Thursday, August 10, 2006

A Question of Values

America was born of a noble idea of some very intelligent men. Americans are born into a tradition and taught a set of values that they celebrate on Independence Day. Our values are liberty, justice, and rule of law. We praise these values, but lately we seem to have forgotten them in the fight with the terrorists. Terrorists work to change values by violence rather than peaceful means. We work to change things by peaceful means and only use the military when necessary. We are told that this is a different kind of war with new rules and therefore our paradigm must shift.

How does the fight effect our values? What is the role of fear in this change? How do we maintian our traditional values while fighting an enemy that knows no bounds? These questions and many others are difficult to answer. However, we would do best if we were to remeber the words of Benjamin Franklin: Those who would give up essential liberty to purchase a little temporary safety, deserve neither liberty nor safety.

Since the above quote refers to liberty, I sahll start there. Our essential liberties were hard won by James Madison in the crafting of a Bill of Rights. The first ten amendments to the Constituion are known as the Bill of Rights. Since its framing some of these essential rights have been determined to cover women and minorities. However, the essential liberty we seem to have little value for today is framed in the Fourth Amendment which provides for the security of our persons, houses, papers, and effects, from unreasonable search and seizure. This essential liberty was confirmed to include the privacy of phone calls in 1967 when the U.S. Supreme Court decided Katz v United States. Since this landmark decision laws have extended the protected zone to include other electronic communications, through the Electronic Communications Privacy Act. Laws such as Title III and FISA direct police and intelligence agencies to get a warrant in order toinvade the privacy of someone’s electronic communications.


Today, however, the administration believes that it has the inherent authority to surveil even U.S. persons without a warrant because we are at war with terrotists and it will keep us safe. Some accept this on the premise that your liberties are no good to you if you are dead. However, this is not what the framers intended when they protected this essential liberty. They had in mind a people that would fight to the death for it as they had done during the American Revolution. This seems to not be the case because people are willing to give up their liberty for security.

Next is the subject of justice. We value that everyone is equal under the law and that they will have their day in court. However, when it comes to a terrorist we should feel differently because they kill people. This idea of justice incorporates the ideal of human dignity. Each indvidual has inherent worth and ought to be treated like it. Jesus teaches us that we are to love our neighbor, but calls us to a higher ideal when he commands us to also love our enemies. This call is an appeal to justice.
Justice in the sense of the current policy debates centers around the rules for military commissions, rules for treatment and interrogation of detainees, and that everyone involved gets punished for a crime that is committed.

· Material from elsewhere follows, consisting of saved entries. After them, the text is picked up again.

text \<open>Number of cycles in the disjoint cycle decomposition (fixed points count as cycles).\<close>
definition num_cycles :: "nat \<Rightarrow> (nat \<Rightarrow> nat) \<Rightarrow> nat" where
  "num_cycles n p = card (orbit p ` {1..n})"

definition reflection_length :: "nat \<Rightarrow> (nat \<Rightarrow> nat) \<Rightarrow> nat" where
  "reflection_length n p = n - num_cycles n p"

definition shallow :: "nat \<Rightarrow> (nat \<Rightarrow> nat) \<Rightarrow> bool" where
  "shallow n p \<longleftrightarrow> inversions n p + reflection_length n p = total_displacement n p"

definition descents :: "nat \<Rightarrow> (nat \<Rightarrow> nat) \<Rightarrow> nat set" where
  "descents n p = {i. 1 \<le> i \<and> i \<le> n - 1 \<and> p i > p (Suc i)}"

definition grassmannian :: "nat \<Rightarrow> (nat \<Rightarrow> nat) \<Rightarrow> bool" where
  "grassmannian n p \<longleftrightarrow> card (descents n p) \<le> 1"

end

theory Submission
  imports Defs
begin

text \<open>
  A Grassmannian permutation \<open>p\<close> with its descent at \<open>k\<close> is increasing on \<open>[1, k]\<close> and on
  \<open>[k+1, n]\<close>, so every inversion \<open>(i, j)\<close> has \<open>i \<le> k < j\<close>. Counting them row by row gives
  \<open>p i - i\<close> for \<open>i \<le> k\<close>, and column by column \<open>j - p j\<close> for \<open>j > k\<close>; hence \<open>D = 2 I\<close>
  and \<open>p\<close> is shallow iff \<open>T = I\<close>. The inversions through the positions \<open>k, k+1\<close> number
  \<open>p k - p (k+1)\<close>, while every point outside \<open>[p (k+1), p k]\<close> is fixed, so
  \<open>T \<le> p k - p (k+1) \<le> I\<close>. Thus a shallow \<open>p\<close> has no further inversions, which pins it
  down as the cycle determined by the triple \<open>p (k+1) \<le> k < p k\<close>. Conversely each such cycle
  is shallow, and there are \<open>C(n+1, 3)\<close> triples; the identity adds one.
\<close>

lemma card_permutes_preimage:
  assumes "p permutes S" and "B \<subseteq> S"
  shows "card {l\<in>S. p l \<in> B} = card B"
proof -
  have "{l\<in>S. p l \<in> B} = p -` B"
    using assms permutes_not_in by fastforce
  then show ?thesis
    using card_vimage_inj[of p B] permutes_inj[OF assms(1)] permutes_surj[OF assms(1)] by simp
qed

lemma card_permutes_less:
  assumes "p permutes {1..n}" and "v \<in> {1..n}"
  shows "card {l\<in>{1..n}. p l < v} = v - 1"
proof -
  have "{l\<in>{1..n}. p l < v} = {l\<in>{1..n}. p l \<in> {1..<v}}"
    using permutes_in_image[OF assms(1)] by fastforce
  also have "card \<dots> = card {1..<v}"
    by (rule card_permutes_preimage) (use assms in auto)
  finally show ?thesis by simp
qed

lemma card_permutes_greater:
  assumes "p permutes {1..n}" and "v \<in> {1..n}"
  shows "card {l\<in>{1..n}. v < p l} = n - v"
proof -
  have "{l\<in>{1..n}. v < p l} = {l\<in>{1..n}. p l \<in> {v<..n}}"
    using permutes_in_image[OF assms(1)] assms(2) by fastforce
  also have "card \<dots> = card {v<..n}"
    by (rule card_permutes_preimage) (use assms in auto)
  finally show ?thesis by simp
qed

lemma inj_invariant_not_in:
  assumes "inj p" and "finite A" and "p ` A \<subseteq> A" and "i \<notin> A"
  shows "p i \<notin> A"
proof
  assume "p i \<in> A"
  also have "A = p ` A"
    using endo_inj_surj[OF assms(2,3)] inj_on_subset[OF assms(1)] by simp
  finally show False
    using assms(1,4) by (auto dest: injD)
qed

lemma num_cycles_ge:
  assumes "p permutes {1..n}" and "a \<in> A" and "A \<subseteq> {1..n}"
    and fixed: "\<And>i. i \<in> {1..n} - A \<Longrightarrow> p i = i"
  shows "Suc (card ({1..n} - A)) \<le> num_cycles n p"
proof -
  have "permutation p"
    using assms(1) by (auto simp: permutation_permutes)
  then have self: "a \<in> orbit p a"
    by (rule permutation_self_in_orbit)
  have "orbit p i = {i}" if "i \<in> {1..n} - A" for i
    using fixed[OF that] by (simp add: orbit_eq_singleton_iff)
  then have "(\<lambda>i. {i}) ` ({1..n} - A) = orbit p ` ({1..n} - A)"
    by (intro image_cong) auto
  also have "\<dots> \<subseteq> orbit p ` {1..n}"
    by blast
  finally have "insert (orbit p a) ((\<lambda>i. {i}) ` ({1..n} - A)) \<subseteq> orbit p ` {1..n}"
    using assms(2,3) by blast
  then have "card (insert (orbit p a) ((\<lambda>i. {i}) ` ({1..n} - A))) \<le> num_cycles n p"
    unfolding num_cycles_def by (intro card_mono) auto
  moreover have "orbit p a \<notin> (\<lambda>i. {i}) ` ({1..n} - A)"
    using self assms(2) by auto
  ultimately show ?thesis
    by (simp add: card_image)
qed

lemma num_cycles_le:
  assumes "p permutes {1..n}" and "A \<subseteq> orbit p a"
    and fixed: "\<And>i. i \<in> {1..n} - A \<Longrightarrow> p i = i"
  shows "num_cycles n p \<le> Suc (card ({1..n} - A))"
proof -
  have cyclic: "cyclic_on p (orbit p a)"
    using assms(1) by (rule cyclic_on_orbit) simp
  have "orbit p ` {1..n} \<subseteq> insert (orbit p a) ((\<lambda>i. {i}) ` ({1..n} - A))"
  proof
    fix Q assume "Q \<in> orbit p ` {1..n}"
    then obtain i where i: "i \<in> {1..n}" "Q = orbit p i" by blast
    show "Q \<in> insert (orbit p a) ((\<lambda>i. {i}) ` ({1..n} - A))"
    proof (cases "i \<in> A")
      case True
      then show ?thesis
        using orbit_cyclic_eq3[OF cyclic] assms(2) i(2) by blast
    next
      case False
      then have "Q = {i}"
        using fixed i by (simp add: orbit_eq_singleton_iff)
      then show ?thesis
        using False i(1) by blast
    qed
  qed
  then have "num_cycles n p \<le> card (insert (orbit p a) ((\<lambda>i. {i}) ` ({1..n} - A)))"
    unfolding num_cycles_def by (intro card_mono) auto
  also have "\<dots> \<le> Suc (card ({1..n} - A))"
    by (simp add: card_insert_if card_image)
  finally show ?thesis .
qed

definition inversion_set :: "nat \<Rightarrow> (nat \<Rightarrow> nat) \<Rightarrow> (nat \<times> nat) set" where
  "inversion_set n p = {(i, j). i \<in> {1..n} \<and> j \<in> {1..n} \<and> i < j \<and> p i > p j}"

lemma inversions_eq_card: "inversions n p = card (inversion_set n p)"
  by (simp add: inversions_def inversion_set_def)

lemma finite_inversion_set: "finite (inversion_set n p)"
  by (rule finite_subset[of _ "{1..n} \<times> {1..n}"]) (auto simp: inversion_set_def)

locale grassmannian_perm =
  fixes n k :: nat and p :: "nat \<Rightarrow> nat"
  assumes permutes: "p permutes {1..n}"
    and k_le: "k \<le> n"
    and descents_subset: "descents n p \<subseteq> {k}"
begin

lemma in_range: "i \<in> {1..n} \<Longrightarrow> p i \<in> {1..n}"
  using permutes_in_image[OF permutes] by blast

lemma value_eq_iff: "p i = p j \<longleftrightarrow> i = j"
  using permutes_inj[OF permutes] by (simp add: inj_eq)

lemma ascent: "1 \<le> i \<Longrightarrow> i < n \<Longrightarrow> i \<noteq> k \<Longrightarrow> p i < p (Suc i)"
  using descents_subset value_eq_iff[of i "Suc i"] by (force simp: descents_def)

lemma increasing_left: "1 \<le> i \<Longrightarrow> i < j \<Longrightarrow> j \<le> k \<Longrightarrow> p i < p j"
  by (rule lift_Suc_mono_less_ivl[of "{1..<k}"]) (use ascent k_le in auto)

lemma increasing_right: "k < i \<Longrightarrow> i < j \<Longrightarrow> j \<le> n \<Longrightarrow> p i < p j"
  by (rule lift_Suc_mono_less_ivl[of "{k<..<n}"]) (use ascent in auto)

Military Commissions are a hot topic becasue the U.S. Supreme Court invalidated the administration’s commissions because they were not authorized by Congress. The Court decided that, with proper well formulated deviations, the rules of the military commissions must conform to the Uniform Code of Military justice and Geneva Convention Article III. Common Article III is embodied in the War Crimes Act. The point is that even terror suspects deserve basic procedural protections similiar to the ones that give us justice in our federal and state courts.

However, the administration shirks both the Court and the value of justice when it says these people should be treated in a completely different manner that is unjust. Although he has said he will adhere to the Court decision the proposal the administration presented to congress preserved most of the flaws present in the commissions that were struck down. Not much justice here.

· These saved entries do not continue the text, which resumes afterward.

lemma norm_typ_unit: "is_unit A \<Longrightarrow> norm_typ A = nf_scal 1 (norm_unit A)"
  by (induction A) (auto simp: nf_scal_def)

lemma norm_typ_NScal_nonzero: "norm_typ T = NScal c u \<Longrightarrow> c \<noteq> 0"
proof (induction T arbitrary: c u)
  case (TAll T)
  then show ?case by (cases "norm_typ T") auto
next
  case (TSc a T)
  then show ?case by (cases "norm_typ T") (auto simp: nf_scal_def split: if_splits)
qed (auto simp: nf_scal_def split: if_splits)

lemma nf_scale_nf_scale: "nf_scale a (nf_scale b x) = nf_scale (a * b) x"
  by (cases x) (auto simp: nf_scal_def mult.assoc)

lemma nf_all_nf_scale: "nf_all (nf_scale a x) = nf_scale a (nf_all x)"
  by (cases x) (auto simp: nf_scal_def)

lemma nf_scale_zero: "nf_scale 0 x = NZero"
  by (cases x) (auto simp: nf_scal_def)

lemma teq_imp_norm_typ_eq: "teq A B \<Longrightarrow> norm_typ A = norm_typ B"
proof (induction rule: teq.induct)
  case (teq_one T)
  then show ?case using norm_typ_NScal_nonzero[of T] by (cases "norm_typ T") (auto simp: nf_scal_def)
next
  case (teq_sc_sc T a b)
  then show ?case by (simp add: nf_scale_nf_scale)
next
  case (teq_all_sc T a)
  then show ?case by (simp add: nf_all_nf_scale)
next
  case (teq_Arr A A' B B')
  show ?case
  proof (cases "(1::'a) = 0")
    case True
    then show ?thesis by (simp add: nf_scal_def)
  next
    case False
    have "nf_scal 1 (norm_unit A) = nf_scal 1 (norm_unit A')"
      using teq_Arr norm_typ_unit by metis
    with False have "norm_unit A = norm_unit A'" by (simp add: nf_scal_def)
    then show ?thesis using teq_Arr by simp
  qed
qed (auto simp: nf_scale_zero)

And finally a concept that is strongly related to justice, rule of law. this principle says that everyman great and small must agree to follow the same laws. No man is above the law. However, there have been many attempts lately to place certain officials above statutorry law by claiming and inherent authority to determine through a signing statement that an act of Congress conflicts with his authoirty. The worst example of this is the Detainee Treatment Act. He reserved the right to disobey particular provisions if he deemed it in the national interest.

There is no retreat from this road and it is a dangerous one. The administration has proposed to amend the War Crimes Act and in essence place civilian officials who commit war crimes out of reach of the courts, while military members will be subjected to the Uniform Code of Military Justice. This clearly shows that the administration thinks that its policies and acts taken under these policies are above the law. This flies in the face of the rule of law and justice.

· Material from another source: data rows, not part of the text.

definition P_Tx :: "nat \<Rightarrow> nat \<Rightarrow> (nat \<Rightarrow> nat set) \<Rightarrow> real vec \<Rightarrow> real mat" where
  "P_Tx n N G x = coord_proj n (E_x n N G x)"

definition P_Tx_perp :: "nat \<Rightarrow> nat \<Rightarrow> (nat \<Rightarrow> nat set) \<Rightarrow> real vec \<Rightarrow> real mat" where
  "P_Tx_perp n N G x = 1\<^sub>m n - P_Tx n N G x"

definition P_Tz :: "nat \<Rightarrow> (nat \<Rightarrow> nat set) \<Rightarrow> real vec \<Rightarrow> real mat" where
  "P_Tz N G x = coord_proj (grp_off G N) (E_z N G x)"

definition Lhat :: "nat \<Rightarrow> nat \<Rightarrow> (nat \<Rightarrow> nat set) \<Rightarrow> (nat \<Rightarrow> real) \<Rightarrow> real vec \<Rightarrow> real mat" where
  "Lhat n N G w x = Lmat n N G w - P_Tz N G x * Lmat n N G w * P_Tx_perp n N G x"

definition full_col_rank :: "real mat \<Rightarrow> bool" where
  "full_col_rank A = (vec_space.rank (dim_row A) A = dim_col A)"

end

theory Submission
  imports Defs
begin

text \<open>Every row of \<open>L\<close> has exactly one nonzero entry, and \<open>Lhat\<close> is \<open>L\<close> with the
  entries in rows of \<open>\<E>\<^sub>z\<close> and columns outside \<open>\<E>\<^sub>x\<close> set to zero. So \<open>Lhat\<close> still has at
  most one nonzero entry per row, which makes \<open>Lhat\<^sup>T Lhat\<close> diagonal and equal to
  \<open>L\<^sup>T Lhat\<close>. Its diagonal holds the squared column norms of \<open>Lhat\<close>, and no column of \<open>Lhat\<close>
  vanishes: a coordinate in \<open>\<E>\<^sub>x\<close> keeps all its entries, and a coordinate outside \<open>\<E>\<^sub>x\<close>
  lies in an inactive group, whose rows are not in \<open>\<E>\<^sub>z\<close>. Hence the Gram matrix has nonzero
  determinant, so it is invertible and \<open>Lhat\<close> has trivial kernel, i.e. full column rank.\<close>

definition at_most_one_nonzero_per_row :: "'a::zero mat \<Rightarrow> bool" where
  "at_most_one_nonzero_per_row A \<longleftrightarrow>
     (\<forall>r<dim_row A. \<forall>c<dim_col A. \<forall>c'<dim_col A. c \<noteq> c' \<longrightarrow> A $$ (r, c) = 0 \<or> A $$ (r, c') = 0)"

definition mask_mat :: "(nat \<times> nat \<Rightarrow> bool) \<Rightarrow> 'a::zero mat \<Rightarrow> 'a mat" where
  "mask_mat keep A = mat (dim_row A) (dim_col A) (\<lambda>rc. if keep rc then A $$ rc else 0)"

lemma dim_mask_mat [simp]:
  "dim_row (mask_mat keep A) = dim_row A" "dim_col (mask_mat keep A) = dim_col A"
  by (simp_all add: mask_mat_def)

lemma index_mask_mat [simp]:
  "r < dim_row A \<Longrightarrow> c < dim_col A \<Longrightarrow>
    mask_mat keep A $$ (r, c) = (if keep (r, c) then A $$ (r, c) else 0)"
  by (simp add: mask_mat_def)

lemma at_most_one_nonzero_per_row_mask_mat:
  "at_most_one_nonzero_per_row A \<Longrightarrow> at_most_one_nonzero_per_row (mask_mat keep A)"
  unfolding at_most_one_nonzero_per_row_def by auto

lemma index_gram_mat:
  fixes B :: "'a::comm_semiring_0 mat"
  assumes "i < dim_col B" "j < dim_col B"
  shows "(B\<^sup>T * B) $$ (i, j) = (\<Sum>r<dim_row B. B $$ (r, i) * B $$ (r, j))"
  using assms by (simp add: scalar_prod_def atLeast0LessThan)

lemma diagonal_gram_mat:
  fixes B :: "'a::comm_semiring_0 mat"
  assumes "at_most_one_nonzero_per_row B"
  shows "diagonal_mat (B\<^sup>T * B)"
  unfolding diagonal_mat_def
proof (intro allI impI)
  fix i j assume "i < dim_row (B\<^sup>T * B)" "j < dim_col (B\<^sup>T * B)" "i \<noteq> j"
  with assms show "(B\<^sup>T * B) $$ (i, j) = 0"
    unfolding at_most_one_nonzero_per_row_def
    by (subst index_gram_mat) (auto intro!: sum.neutral, metis mult_zero_left mult_zero_right)
qed

lemma gram_mat_diag_pos:
  fixes B :: "'a::linordered_idom mat"
  assumes "r < dim_row B" "i < dim_col B" "B $$ (r, i) \<noteq> 0"
  shows "(B\<^sup>T * B) $$ (i, i) > 0"
  unfolding index_gram_mat[OF assms(2,2)]
  by (rule sum_pos2[of _ r]) (use assms in \<open>auto simp: zero_less_mult_iff linorder_neq_iff\<close>)

text \<open>In row \<open>r\<close>, \<open>A $$ (r, i) * mask_mat keep A $$ (r, j)\<close> can only be nonzero for \<open>i = j\<close>
  at the unique nonzero entry of the row, where \<open>A\<close> and its mask agree.\<close>

lemma transpose_mult_mask_mat:
  fixes A :: "'a::comm_semiring_0 mat"
  assumes "at_most_one_nonzero_per_row A"
  shows "A\<^sup>T * mask_mat keep A = (mask_mat keep A)\<^sup>T * mask_mat keep A"
proof (rule eq_matI)
  fix i j assume "i < dim_row ((mask_mat keep A)\<^sup>T * mask_mat keep A)"
    "j < dim_col ((mask_mat keep A)\<^sup>T * mask_mat keep A)"
  then have ij: "i < dim_col A" "j < dim_col A" by simp_all
  have "A $$ (r, i) * mask_mat keep A $$ (r, j) =
      mask_mat keep A $$ (r, i) * mask_mat keep A $$ (r, j)" if "r < dim_row A" for r
    using assms that ij unfolding at_most_one_nonzero_per_row_def
    by (cases "i = j") (auto, metis mult_zero_left mult_zero_right)
  then show "(A\<^sup>T * mask_mat keep A) $$ (i, j) = ((mask_mat keep A)\<^sup>T * mask_mat keep A) $$ (i, j)"
    using ij by (simp add: scalar_prod_def)
qed simp_all

lemma det_diagonal_mat_nonzero:
  fixes D :: "'a::idom mat"
  assumes "D \<in> carrier_mat n n" "diagonal_mat D" "\<And>i. i < n \<Longrightarrow> D $$ (i, i) \<noteq> 0"
  shows "det D \<noteq> 0"
proof -
  have "upper_triangular D"
    using assms(1,2) unfolding diagonal_mat_def upper_triangular_def by auto
  then have "det D = prod_list (diag_mat D)"
    using assms(1) by (rule det_upper_triangular)
  moreover have "0 \<notin> set (diag_mat D)"
    using assms(1,3) by (auto simp: diag_mat_def)
  ultimately show ?thesis by (simp add: prod_list_zero_iff)
qed

lemma invertible_mat_of_det_nonzero:
  fixes A :: "'a::field mat"
  assumes "A \<in> carrier_mat n n" "det A \<noteq> 0"
  shows "invertible_mat A"
proof -
  obtain B where "B \<in> carrier_mat n n" "A * B = 1\<^sub>m n" "B * A = 1\<^sub>m n"
    using det_non_zero_imp_unit[OF assms, of "()"] by (auto simp: Units_def ring_mat_def)
  with assms(1) show ?thesis
    unfolding invertible_mat_def inverts_mat_def by auto
qed

lemma mult_unit_vec_eq_col:
  fixes A :: "'a::comm_semiring_1 mat"
  assumes "A \<in> carrier_mat nr nc" "i < nc"
  shows "A *\<^sub>v unit_vec nc i = col A i"
  using assms by (intro eq_vecI) (auto simp: scalar_prod_right_unit)

lemma full_col_rank_of_trivial_kernel:
  fixes B :: "real mat"
  assumes B: "B \<in> carrier_mat p n"
    and ker: "\<And>v. v \<in> carrier_vec n \<Longrightarrow> B *\<^sub>v v = 0\<^sub>v p \<Longrightarrow> v = 0\<^sub>v n"
  shows "full_col_rank B"
proof -
  interpret vec_space "TYPE(real)" p .
  have "distinct (cols B)"
    unfolding cols_def distinct_map
  proof (intro conjI inj_onI)
    fix i j assume ij: "i \<in> set [0..<dim_col B]" "j \<in> set [0..<dim_col B]" "col B i = col B j"
    let ?v = "unit_vec n i - unit_vec n j :: real vec"
    have "B *\<^sub>v ?v = col B i - col B j"
      using ij B by (simp add: mult_minus_distrib_mat_vec mult_unit_vec_eq_col)
    also have "\<dots> = 0\<^sub>v p"
      using ij(3) B by (simp add: carrier_vecI)
    finally have "?v = 0\<^sub>v n"
      by (rule ker[rotated]) simp
    then have "?v $ i = 0"
      using ij B by simp
    with ij B show "i = j"
      by (auto split: if_splits)
  qed simp
  moreover have "lin_indpt (set (cols B))"
    using lin_depE[OF B _ \<open>distinct (cols B)\<close>] ker by blast
  ultimately have "rank B = n"
    by (rule lin_indpt_full_rank[OF B])
  with B show ?thesis
    unfolding full_col_rank_def by simp
qed

lemma full_col_rank_of_det_gram_nonzero:
  fixes B :: "real mat"
  assumes B: "B \<in> carrier_mat p n" and det: "det (B\<^sup>T * B) \<noteq> 0"
  shows "full_col_rank B"
proof (rule full_col_rank_of_trivial_kernel[OF B])
  fix v assume v: "v \<in> carrier_vec n" and "B *\<^sub>v v = 0\<^sub>v p"
  have "(B\<^sup>T * B) *\<^sub>v v = B\<^sup>T *\<^sub>v (B *\<^sub>v v)"
    by (rule assoc_mult_mat_vec) (use B v in auto)
  also have "\<dots> = 0\<^sub>v n"
    using \<open>B *\<^sub>v v = 0\<^sub>v p\<close> B by auto
  finally have "(B\<^sup>T * B) *\<^sub>v v = 0\<^sub>v n" .
  with v det show "v = 0\<^sub>v n"
    using det_0_iff_vec_prod_zero_field[of "B\<^sup>T * B" n] B by auto
qed

lemma grp_off_Suc: "grp_off G (Suc t) = grp_off G t + card (G t)"
  unfolding grp_off_def by simp

lemma grp_off_mono: "a \<le> b \<Longrightarrow> grp_off G a \<le> grp_off G b"
  unfolding grp_off_def by (rule sum_mono2) auto

lemma grp_J_subset: "t < N \<Longrightarrow> grp_J G t \<subseteq> {..<grp_off G N}"
  using grp_off_mono[of "Suc t" N G] unfolding grp_J_def by auto

lemma grp_J_cover: "r < grp_off G N \<Longrightarrow> \<exists>t<N. r \<in> grp_J G t"
proof (induction N)
  case 0
  then show ?case by (simp add: grp_off_def)
next
  case (Suc N)
  then show ?case
    by (cases "r < grp_off G N") (auto simp: grp_J_def less_Suc_eq)
qed

lemma grp_J_disjoint:
  assumes "r \<in> grp_J G t" "r \<in> grp_J G t'"
  shows "t = t'"
proof (rule ccontr)
  assume "t \<noteq> t'"
  then have "Suc t \<le> t' \<or> Suc t' \<le> t" by linarith
  then show False
    using assms grp_off_mono[of "Suc t" t' G] grp_off_mono[of "Suc t'" t G]
    unfolding grp_J_def by auto
qed

text \<open>The column of the nonzero entry of \<open>L\<close> in row \<open>r \<in> J\<^sub>t\<close>.\<close>

definition block_col :: "(nat \<Rightarrow> nat set) \<Rightarrow> nat \<Rightarrow> nat \<Rightarrow> nat" where
  "block_col G t r = sorted_list_of_set (G t) ! (r - grp_off G t)"

lemma block_col_surj:
  assumes "finite (G t)" "c \<in> G t"
  obtains r where "r \<in> grp_J G t" "block_col G t r = c"
proof -
  obtain k where "k < card (G t)" "sorted_list_of_set (G t) ! k = c"
    using assms by (metis in_set_conv_nth length_sorted_list_of_set set_sorted_list_of_set)
  then show thesis
    by (intro that[of "grp_off G t + k"]) (auto simp: grp_J_def grp_off_Suc block_col_def)
qed

lemma dim_Lmat [simp]: "dim_row (Lmat n N G w) = grp_off G N" "dim_col (Lmat n N G w) = n"
  unfolding Lmat_def by simp_all

lemma Lmat_carrier: "Lmat n N G w \<in> carrier_mat (grp_off G N) n"
  by (simp add: carrier_matI)

lemma index_Lmat:
  assumes "t < N" "r \<in> grp_J G t" "c < n"
  shows "Lmat n N G w $$ (r, c) = (if c = block_col G t r then w t else 0)"
proof -
  have "r < grp_off G N"
    using assms(1,2) grp_J_subset by blast
  then have "Lmat n N G w $$ (r, c) =
      (\<Sum>t'<N. if r \<in> grp_J G t' \<and> c = block_col G t' r then w t' else 0)"
    using assms(3) by (simp add: Lmat_def block_col_def)
  also have "\<dots> = (\<Sum>t'\<in>{t}. if r \<in> grp_J G t' \<and> c = block_col G t' r then w t' else 0)"
    by (rule sum.mono_neutral_right) (use assms(1) grp_J_disjoint[OF assms(2)] in auto)
  finally show ?thesis
    using assms(2) by simp
qed

lemma at_most_one_nonzero_per_row_Lmat: "at_most_one_nonzero_per_row (Lmat n N G w)"
  unfolding at_most_one_nonzero_per_row_def
proof (intro allI impI)
  fix r c c' assume "r < dim_row (Lmat n N G w)" "c < dim_col (Lmat n N G w)"
    "c' < dim_col (Lmat n N G w)" "c \<noteq> c'"
  moreover obtain t where "t < N" "r \<in> grp_J G t"
    using grp_J_cover[of r G N] \<open>r < dim_row (Lmat n N G w)\<close> by auto
  ultimately show "Lmat n N G w $$ (r, c) = 0 \<or> Lmat n N G w $$ (r, c') = 0"
    by (auto simp: index_Lmat)
qed

lemma index_coord_proj_mult:
  fixes A :: "real mat"
  assumes A: "A \<in> carrier_mat m k" and i: "i < m" and j: "j < k"
  shows "(coord_proj m E * A) $$ (i, j) = (if i \<in> E then A $$ (i, j) else 0)"
proof -
  have "(coord_proj m E * A) $$ (i, j) =
      (\<Sum>l\<in>{0..<m}. (if i = l \<and> i \<in> E then 1 else 0) * A $$ (l, j))"
    using A i j by (simp add: scalar_prod_def coord_proj_def)
  also have "\<dots> = (\<Sum>l\<in>{i}. (if i = l \<and> i \<in> E then 1 else 0) * A $$ (l, j))"
    by (rule sum.mono_neutral_right) (use i in auto)
  finally show ?thesis by simp
qed

lemma index_mult_coord_proj:
  fixes A :: "real mat"
  assumes A: "A \<in> carrier_mat m k" and i: "i < m" and j: "j < k"
  shows "(A * coord_proj k E) $$ (i, j) = (if j \<in> E then A $$ (i, j) else 0)"
proof -
  have "(A * coord_proj k E) $$ (i, j) =
      (\<Sum>l\<in>{0..<k}. A $$ (i, l) * (if l = j \<and> l \<in> E then 1 else 0))"
    using A i j by (simp add: scalar_prod_def coord_proj_def)
  also have "\<dots> = (\<Sum>l\<in>{j}. A $$ (i, l) * (if l = j \<and> l \<in> E then 1 else 0))"
    by (rule sum.mono_neutral_right) (use j in auto)
  finally show ?thesis by simp
qed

The forgetfulness of some in the nation about our values is leading us down a very dangerous path. These same people that tell us to forget the values when it comes to treatment and trial of detainees are the same people that argue the values issues to win elections. They fight for the sanctity of life and the unquestioned right of the unborn to become live. However, they don not apply this value to terrorists becasue they don’t value life. This contradiction goe to the values offered above. One can argue that ourrights are no good if we are dead. However, the proper question is weather our lives ar worth anything if we sacrifice our liberty, sense of justice, and vlaue of the rule of law. These values have been or compass since the country began and now is no time to change that it is infact the most critical time to fight for our core beliefs.